Redox regulation of SCFTIR1 E3 ligase complex involved in auxin signaling by S-nitrosylation in Arabidopsis plants

IGLESIAS, MARÍA JOSE; TERRILE, MARÍA CECILIA; CASALONGUÉ, CLAUDIA

Conferencia; Ubiquitin & ubiquitin-like proteins: At the crossroads from chromatin to protein; 2014

EMBO-CONICET

The ubiquitin-proteasome system (UPS) plays a role in nearly every aspect of plant biology. UPS action appears to regulate hormone biosynthesis, transport and perception and thus provides a direct mechanism to control the magnitude and duration of hormone signalings in plants. The SCF complex is one of the most important E3 ligases in Arabidopsis and is composed of four primary subunits: Cullin1, Skp1/ASK1, Rbx1 and an F-box protein. In general, a long-standing objective of the study of plant hormone action has been to elucidate the molecular basis of signaling systems that are operating to transduce hormone messages into the physiological responses that they regulate. The plant hormone auxin has been implicated in almost every stage of plant growth and development from embryogenesis to senescence. Auxin interacts directly with the F-box protein, TIR1, of E3 ligase complex SCFTIR1 and promotes the interaction with a family of transcriptional repressors called Aux/IAA proteins facilitating their rapid degradation via 26S proteasome. We have provided evidence for nitric oxide (NO)-mediated modulation of auxin signaling through S-nitrosylation of the TIR1 auxin receptor which is an F-box protein of the SCF complex.
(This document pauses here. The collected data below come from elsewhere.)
lemma mcs_TOr:
  assumes "mcs \<Gamma>"
  shows "TOr a b \<in> \<Gamma> \<longleftrightarrow> a \<in> \<Gamma> \<or> b \<in> \<Gamma>"
proof
  assume ab: "TOr a b \<in> \<Gamma>"
  show "a \<in> \<Gamma> \<or> b \<in> \<Gamma>"
  proof (rule disjCI)
    assume "b \<notin> \<Gamma>"
    then have "TNot b \<in> \<Gamma>" using mcs_TNot[OF assms] by blast
    then show "a \<in> \<Gamma>" by (rule mcs_taut_imp2[OF assms ab]) auto
  qed
next
  assume "a \<in> \<Gamma> \<or> b \<in> \<Gamma>"
  then show "TOr a b \<in> \<Gamma>" by (elim disjE) (erule mcs_taut_imp[OF assms], simp)+
qed

lemma mcs_TImp:
  assumes "mcs \<Gamma>"
  shows "TImp a b \<in> \<Gamma> \<longleftrightarrow> (a \<in> \<Gamma> \<longrightarrow> b \<in> \<Gamma>)"
proof (intro iffI impI)
  assume "TImp a b \<in> \<Gamma>" and "a \<in> \<Gamma>"
  then show "b \<in> \<Gamma>" by (rule mcs_taut_imp2[OF assms]) simp
next
  assume ab: "a \<in> \<Gamma> \<longrightarrow> b \<in> \<Gamma>"
  consider "b \<in> \<Gamma>" | "TNot a \<in> \<Gamma>" using ab mcs_TNot[OF assms] by blast
  then show "TImp a b \<in> \<Gamma>" by cases (erule mcs_taut_imp[OF assms], simp)+
qed

lemma mcs_TIff:
  assumes "mcs \<Gamma>"
  shows "TIff a b \<in> \<Gamma> \<longleftrightarrow> (a \<in> \<Gamma> \<longleftrightarrow> b \<in> \<Gamma>)"
proof -
  have "TIff a b \<in> \<Gamma> \<longleftrightarrow> TAnd (TImp a b) (TImp b a) \<in> \<Gamma>"
    by (rule iffI; erule mcs_taut_imp[OF assms]; auto)
  then show ?thesis by (auto simp: mcs_TAnd[OF assms] mcs_TImp[OF assms])
qed

lemma mcs_thm_mp: "mcs \<Gamma> \<Longrightarrow> SBTrust_thm (TImp a b) \<Longrightarrow> a \<in> \<Gamma> \<Longrightarrow> b \<in> \<Gamma>"
  using mcs_TImp mcs_thm by blast

section \<open>Conditionals and belief in maximal consistent sets\<close>

definition cond_lits :: "tform set \<Rightarrow> tform set" where
  "cond_lits \<Delta> = {TCond \<phi> \<psi> | \<phi> \<psi>. TCond \<phi> \<psi> \<in> \<Delta>} \<union> {TNot (TCond \<phi> \<psi>) | \<phi> \<psi>. TCond \<phi> \<psi> \<notin> \<Delta>}"

definition same_conds :: "tform set \<Rightarrow> tform set \<Rightarrow> bool" where
  "same_conds \<Delta> \<Delta>' \<longleftrightarrow> (\<forall>\<phi> \<psi>. TCond \<phi> \<psi> \<in> \<Delta> \<longleftrightarrow> TCond \<phi> \<psi> \<in> \<Delta>')"

definition normal :: "tform set \<Rightarrow> pform \<Rightarrow> bool" where
  "normal \<Delta> \<phi> \<longleftrightarrow> (\<forall>\<psi>. TCond \<phi> \<psi> \<in> \<Delta> \<longrightarrow> emb \<psi> \<in> \<Delta>)"

lemma is_literal_cond_lits: "l \<in> cond_lits \<Delta> \<Longrightarrow> is_literal l"
  unfolding cond_lits_def is_literal_def by auto

lemma cond_lits_subset_iff: "mcs \<Delta>' \<Longrightarrow> cond_lits \<Delta> \<subseteq> \<Delta>' \<longleftrightarrow> same_conds \<Delta> \<Delta>'"
  unfolding cond_lits_def same_conds_def using mcs_TNot by blast

lemma derivable_cond_lits_iff:
  "cond_lits \<Delta> \<turnstile> a \<longleftrightarrow> (\<forall>\<Delta>'. mcs \<Delta>' \<longrightarrow> same_conds \<Delta> \<Delta>' \<longrightarrow> a \<in> \<Delta>')"
  by (simp add: derivable_iff_in_all_mcs cond_lits_subset_iff)

lemma mcs_S5F:
  assumes "mcs \<Delta>" "cond_lits \<Delta> \<turnstile> emb \<chi>"
  shows "TCond (PNot \<chi>) PBot \<in> \<Delta>"
proof -
  obtain ls where ls: "set ls \<subseteq> cond_lits \<Delta>" "SBTrust_thm (imps ls (emb \<chi>))"
    using assms(2) derivable_iff_imps by blast
  then have "SBTrust_thm (limp ls (TCond (PNot \<chi>) PBot))"
    using is_literal_cond_lits by (intro S5F) (auto simp: SBTrust_thm_limp_iff_imps)
  then have "cond_lits \<Delta> \<turnstile> TCond (PNot \<chi>) PBot"
    using ls(1) by (intro derivable_imps[OF Thm]) (simp_all add: SBTrust_thm_limp_iff_imps)
  moreover have "cond_lits \<Delta> \<subseteq> \<Delta>"
    using assms(1) cond_lits_subset_iff same_conds_def by blast
  ultimately show ?thesis using assms(1) derivable_mono mcs_derivable by blast
qed

lemma mcs_RCK:
  assumes "mcs \<Delta>" "\<forall>\<phi>\<in>set \<phi>s. TCond \<psi> \<phi> \<in> \<Delta>" "SBTrust_thm (imps (map emb \<phi>s) (emb \<phi>'))"
  shows "TCond \<psi> \<phi>' \<in> \<Delta>"
proof -
  have "SBTrust_thm (limp (map (TCond \<psi>) \<phi>s) (TCond \<psi> \<phi>'))"
    using assms(3) by (intro RCK) (simp add: SBTrust_thm_limp_iff_imps)
  then have "\<Delta> \<turnstile> TCond \<psi> \<phi>'"
    using assms(2) by (intro derivable_imps[OF Thm]) (auto simp: SBTrust_thm_limp_iff_imps)
  with assms(1) show ?thesis by (rule mcs_derivable)
qed

lemma mcs_LLplus:
  assumes "mcs \<Delta>" "cond_lits \<Delta> \<turnstile> emb (PIff \<phi> \<psi>)"
  shows "TCond \<phi> \<chi> \<in> \<Delta> \<longleftrightarrow> TCond \<psi> \<chi> \<in> \<Delta>"
proof -
  have "TCond (PNot (PIff \<phi> \<psi>)) PBot \<in> \<Delta>"
    using assms by (rule mcs_S5F)
  then have "TIff (TCond \<phi> \<chi>) (TCond \<psi> \<chi>) \<in> \<Delta>"
    by (rule mcs_thm_mp[OF assms(1) LLplus])
  with assms(1) show ?thesis by (simp add: mcs_TIff)
qed

lemma mcs_TCond_of_cond_lits:
  assumes "mcs \<Delta>" "cond_lits \<Delta> \<turnstile> emb \<psi>"
  shows "TCond \<phi> \<psi> \<in> \<Delta>"
proof -
  have "TCond (PAnd \<phi> \<psi>) \<psi> \<in> \<Delta>"
  proof (rule mcs_RCK[OF assms(1), of "[PAnd \<phi> \<psi>]"])
    show "\<forall>\<chi>\<in>set [PAnd \<phi> \<psi>]. TCond (PAnd \<phi> \<psi>) \<chi> \<in> \<Delta>" using mcs_thm[OF assms(1) ID] by simp
    show "SBTrust_thm (imps (map emb [PAnd \<phi> \<psi>]) (emb \<psi>))" by (rule TAUT) (simp add: tautology_def)
  qed
  moreover have "cond_lits \<Delta> \<turnstile> emb (PIff \<phi> (PAnd \<phi> \<psi>))"
    using assms(2) by (rule derivable_taut_imp) auto
  ultimately show ?thesis using mcs_LLplus[OF assms(1)] by blast
qed
text \<open>C-infinity on an open set S: differentiable, and every directional derivative
  x |-> Df(x) v is again C-infinity (coinductively).\<close>
coinductive smooth_on :: "'a::real_normed_vector set \<Rightarrow> ('a \<Rightarrow> 'b::real_normed_vector) \<Rightarrow> bool"
  for S where
  "f differentiable_on S \<Longrightarrow> (\<forall>v. smooth_on S (\<lambda>x. frechet_derivative f (at x) v))
     \<Longrightarrow> smooth_on S f"

definition smooth_map_on :: "'a::real_normed_vector set \<Rightarrow> ('a \<Rightarrow> 'b::real_normed_vector) \<Rightarrow> bool" where
  "smooth_map_on A f \<longleftrightarrow>
     (\<forall>p\<in>A. \<exists>N F. open N \<and> p \<in> N \<and> smooth_on N F \<and> (\<forall>q\<in>N \<inter> A. F q = f q))"

definition embedded_submanifold :: "'e::euclidean_space set \<Rightarrow> bool" where
  "embedded_submanifold M \<longleftrightarrow>
     (\<forall>p\<in>M. \<exists>U V (\<phi>::'e\<Rightarrow>'e) \<psi> L. open U \<and> p \<in> U \<and> open V \<and> subspace L \<and>
        \<phi> ` U = V \<and> (\<forall>x\<in>U. \<psi> (\<phi> x) = x) \<and> (\<forall>y\<in>V. \<phi> (\<psi> y) = y) \<and>
        smooth_on U \<phi> \<and> smooth_on V \<psi> \<and> \<phi> ` (U \<inter> M) = V \<inter> L)"

definition tangent_space :: "'e::euclidean_space set \<Rightarrow> 'e \<Rightarrow> 'e set" where
  "tangent_space M x = {v. \<exists>\<gamma>::real \<Rightarrow> 'e. smooth_on {-1<..<1} \<gamma> \<and> \<gamma> ` {-1<..<1} \<subseteq> M \<and>
        \<gamma> 0 = x \<and> (\<gamma> has_vector_derivative v) (at 0)}"

definition tangent_bundle :: "'e::euclidean_space set \<Rightarrow> ('e \<times> 'e) set" where
  "tangent_bundle M = {(x, v). x \<in> M \<and> v \<in> tangent_space M x}"

definition riemannian_metric :: "'e::euclidean_space set \<Rightarrow> ('e \<Rightarrow> 'e \<Rightarrow> 'e \<Rightarrow> real) \<Rightarrow> bool" where
  "riemannian_metric M g \<longleftrightarrow>
     (\<forall>x\<in>M. bilinear (g x) \<and> (\<forall>u v. g x u v = g x v u) \<and>
        (\<forall>v\<in>tangent_space M x. v \<noteq> 0 \<longrightarrow> g x v v > 0)) \<and>
     (\<exists>W. open W \<and> M \<subseteq> W \<and> smooth_on (W \<times> UNIV \<times> UNIV) (\<lambda>(x, u, v). g x u v))"

definition rnorm :: "('e \<Rightarrow> 'e \<Rightarrow> 'e \<Rightarrow> real) \<Rightarrow> 'e \<Rightarrow> 'e \<Rightarrow> real" where
  "rnorm g x v = sqrt (g x v v)"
The first evidence of a plant E3 ligase acting as hormonal receptor and modified by S-nitrosylation was demonstrated in our laboratory. S-nitrosylation of TIR1 modulates TIR1-Aux/IAA protein-protein interaction resulting in activation of auxin signaling. Our ultimate goal is to understand NOmediated redox regulation of the different subunits of the SCFTIR1 complex. Thus, we hypothesized that dynamic events of S-nitrosylation could modulate the assembly of SCFTIR1/AFBs complex due to stabilization of different combinatorial protein-protein interactions. Redox regulation of the different subunits of the complex could have major functional implications because different F-box proteins can be associated interchangeably with ASK1 to form a large number of different SCF complexes with different substrate specificities and functions in plant development. Furthermore, the universality of both, S-nitrosylation and degradation via UPS system provide a valuable platform to go forward and deep into the conservatory basis of redox-regulated UPS complexes in eukaryotes.